Stored items
◇ ◇ ◇ ◇ ◇ ◇ ◇
lemma homog3_add:
  assumes "homog3 n p" "homog3 n q" shows "homog3 n (\<lambda>x. p x + q x)"
proof -
  obtain S c where S: "finite S" "\<forall>(i, j, k)\<in>S. i + j + k = n" "p = (\<lambda>x. \<Sum>a\<in>S. c a * mono3 a x)"
    using assms(1) unfolding homog3_def by blast
  obtain T d where T: "finite T" "\<forall>(i, j, k)\<in>T. i + j + k = n" "q = (\<lambda>x. \<Sum>a\<in>T. d a * mono3 a x)"
    using assms(2) unfolding homog3_def by blast
  define e where "e a = (if a \<in> S then c a else 0) + (if a \<in> T then d a else 0)" for a
  have "(\<Sum>a\<in>S \<union> T. e a * mono3 a x) = p x + q x" for x
  proof -
    have "e a * mono3 a x = (if a \<in> S then c a * mono3 a x else 0) + (if a \<in> T then d a * mono3 a x else 0)" for a
      unfolding e_def by (simp add: algebra_simps)
    then have "(\<Sum>a\<in>S \<union> T. e a * mono3 a x) =
        (\<Sum>a\<in>S \<union> T. if a \<in> S then c a * mono3 a x else 0) + (\<Sum>a\<in>S \<union> T. if a \<in> T then d a * mono3 a x else 0)"
      by (simp add: sum.distrib)
    also have "\<dots> = p x + q x"
      using S T by (simp add: sum.If_cases Int_absorb1)
    finally show ?thesis .
  qed
  with S T show ?thesis unfolding homog3_def
    by (intro exI[of _ "S \<union> T"] exI[of _ e]) auto
qed

lemma homog3_cmult:
  assumes "homog3 n p" shows "homog3 n (\<lambda>x. r * p x)"
proof -
  obtain S c where S: "finite S" "\<forall>(i, j, k)\<in>S. i + j + k = n" "p = (\<lambda>x. \<Sum>a\<in>S. c a * mono3 a x)"
    using assms unfolding homog3_def by blast
  then show ?thesis unfolding homog3_def
    by (intro exI[of _ S] exI[of _ "\<lambda>a. r * c a"]) (auto simp: sum_distrib_left algebra_simps)
qed

lemma homog3_mult_coord:
  assumes "homog3 n p" shows "homog3 (Suc n) (\<lambda>x. x $ l * p x)"
proof -
  obtain S c where S: "finite S" "\<forall>(i, j, k)\<in>S. i + j + k = n" "p = (\<lambda>x. \<Sum>a\<in>S. c a * mono3 a x)"
    using assms unfolding homog3_def by blast
  define sh :: "nat \<times> nat \<times> nat \<Rightarrow> nat \<times> nat \<times> nat" where
    "sh = (\<lambda>(i, j, k). if l = 1 then (Suc i, j, k) else if l = 2 then (i, Suc j, k) else (i, j, Suc k))"
  have inj: "inj sh"
    unfolding sh_def inj_def by auto
  have mono_sh: "mono3 (sh a) x = x $ l * mono3 a x" for a x
    using exhaust_3[of l] by (auto simp: sh_def mono3_def split: prod.splits)
  have "x $ l * p x = (\<Sum>b\<in>sh ` S. c (inv sh b) * mono3 b x)" for x
    unfolding S(3) sum.reindex[OF inj_on_subset[OF inj subset_UNIV]]
    by (simp add: inv_f_f[OF inj] mono_sh sum_distrib_left algebra_simps)
  moreover have "\<forall>(i, j, k)\<in>sh ` S. i + j + k = Suc n"
    using S(2) unfolding sh_def by (auto split: if_splits)
  ultimately show ?thesis unfolding homog3_def using S(1)
    by (intro exI[of _ "sh ` S"] exI[of _ "\<lambda>b. c (inv sh b)"]) auto
qed

lemma homog3_mult_inner:
  assumes "homog3 n p" shows "homog3 (Suc n) (\<lambda>x. (x \<bullet> y) * p x)"
proof -
  have "(\<lambda>x. (x \<bullet> y) * p x) = (\<lambda>x. (y $ 1 * (x $ 1 * p x) + y $ 2 * (x $ 2 * p x)) + y $ 3 * (x $ 3 * p x))"
    by (auto simp: inner_vec_def sum_3 algebra_simps)
  then show ?thesis
    by (simp only:) (intro homog3_add homog3_cmult homog3_mult_coord assms)
qed

lemma homog3_inner_power: "homog3 n (\<lambda>x. (x \<bullet> y) ^ n)"
  by (induction n) (simp_all add: homog3_const homog3_mult_inner)

lemma poly3_differentiable: "poly3 p \<Longrightarrow> p differentiable (at x)"
  unfolding poly3_def mono3_def
  by (auto intro!: derivative_intros bounded_linear_imp_differentiable[OF bounded_linear_vec_nth]
           split: prod.splits)

lemma poly3_continuous_on: "poly3 p \<Longrightarrow> continuous_on UNIV p"
  unfolding poly3_def mono3_def
  by (auto intro!: continuous_intros linear_continuous_on[OF bounded_linear_vec_nth] split: prod.splits)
◇ ◇ ◇ ◇ ◇ ◇ ◇
Would you please write out the entries again exactly?

__Response__
lemma homog3_add:
  assumes "homog3 n p" "homog3 n q" shows "homog3 n (\<lambda>x. p x + q x)"
proof -
  obtain S c where S: "finite S" "\<forall>(i, j, k)\<in>S. i + j + k = n" "p = (\<lambda>x. \<Sum>a\<in>S. c a * mono3 a x)"
    using assms(1) unfolding homog3_def by blast
  obtain T d where T: "finite T" "\<forall>(i, j, k)\<in>T. i + j + k = n" "q = (\<lambda>x. \<Sum>a\<in>T. d a * mono3 a x)"
    using assms(2) unfolding homog3_def by blast
  define e where "e a = (if a \<in> S then c a else 0) + (if a \<in> T then d a else 0)" for a
  have "(\<Sum>a\<in>S \<union> T. e a * mono3 a x) = p x + q x" for x
  proof -
    have "e a * mono3 a x = (if a \<in> S then c a * mono3 a x else 0) + (if a \<in> T then d a * mono3 a x else 0)" for a
      unfolding e_def by (simp add: algebra_simps)
    then have "(\<Sum>a\<in>S \<union> T. e a * mono3 a x) =
        (\<Sum>a\<in>S \<union> T. if a \<in> S then c a * mono3 a x else 0) + (\<Sum>a\<in>S \<union> T. if a \<in> T then d a * mono3 a x else 0)"
      by (simp add: sum.distrib)
    also have "\<dots> = p x + q x"
      using S T by (simp add: sum.If_cases Int_absorb1)
    finally show ?thesis .
  qed
  with S T show ?thesis unfolding homog3_def
    by (intro exI[of _ "S \<union> T"] exI[of _ e]) auto
qed

lemma homog3_cmult:
  assumes "homog3 n p" shows "homog3 n (\<lambda>x. r * p x)"
proof -
  obtain S c where S: "finite S" "\<forall>(i, j, k)\<in>S. i + j + k = n" "p = (\<lambda>x. \<Sum>a\<in>S. c a * mono3 a x)"
    using assms unfolding homog3_def by blast
  then show ?thesis unfolding homog3_def
    by (intro exI[of _ S] exI[of _ "\<lambda>a. r * c a"]) (auto simp: sum_distrib_left algebra_simps)
qed

lemma homog3_mult_coord:
  assumes "homog3 n p" shows "homog3 (Suc n) (\<lambda>x. x $ l * p x)"
proof -
  obtain S c where S: "finite S" "\<forall>(i, j, k)\<in>S. i + j + k = n" "p = (\<lambda>x. \<Sum>a\<in>S. c a * mono3 a x)"
    using assms unfolding homog3_def by blast
  define sh :: "nat \<times> nat \<times> nat \<Rightarrow> nat \<times> nat \<times> nat" where
    "sh = (\<lambda>(i, j, k). if l = 1 then (Suc i, j, k) else if l = 2 then (i, Suc j, k) else (i, j, Suc k))"
  have inj: "inj sh"
    unfolding sh_def inj_def by auto
  have mono_sh: "mono3 (sh a) x = x $ l * mono3 a x" for a x
    using exhaust_3[of l] by (auto simp: sh_def mono3_def split: prod.splits)
  have "x $ l * p x = (\<Sum>b\<in>sh ` S. c (inv sh b) * mono3 b x)" for x
    unfolding S(3) sum.reindex[OF inj_on_subset[OF inj subset_UNIV]]
    by (simp add: inv_f_f[OF inj] mono_sh sum_distrib_left algebra_simps)
  moreover have "\<forall>(i, j, k)\<in>sh ` S. i + j + k = Suc n"
    using S(2) unfolding sh_def by (auto split: if_splits)
  ultimately show ?thesis unfolding homog3_def using S(1)
    by (intro exI[of _ "sh ` S"] exI[of _ "\<lambda>b. c (inv sh b)"]) auto
qed

lemma homog3_mult_inner:
  assumes "homog3 n p" shows "homog3 (Suc n) (\<lambda>x. (x \<bullet> y) * p x)"
proof -
  have "(\<lambda>x. (x \<bullet> y) * p x) = (\<lambda>x. (y $ 1 * (x $ 1 * p x) + y $ 2 * (x $ 2 * p x)) + y $ 3 * (x $ 3 * p x))"
    by (auto simp: inner_vec_def sum_3 algebra_simps)
  then show ?thesis
    by (simp only:) (intro homog3_add homog3_cmult homog3_mult_coord assms)
qed

lemma homog3_inner_power: "homog3 n (\<lambda>x. (x \<bullet> y) ^ n)"
  by (induction n) (simp_all add: homog3_const homog3_mult_inner)

lemma poly3_differentiable: "poly3 p \<Longrightarrow> p differentiable (at x)"
  unfolding poly3_def mono3_def
  by (auto intro!: derivative_intros bounded_linear_imp_differentiable[OF bounded_linear_vec_nth]
           split: prod.splits)

lemma poly3_continuous_on: "poly3 p \<Longrightarrow> continuous_on UNIV p"
  unfolding poly3_def mono3_def
  by (auto intro!: continuous_intros linear_continuous_on[OF bounded_linear_vec_nth] split: prod.splits)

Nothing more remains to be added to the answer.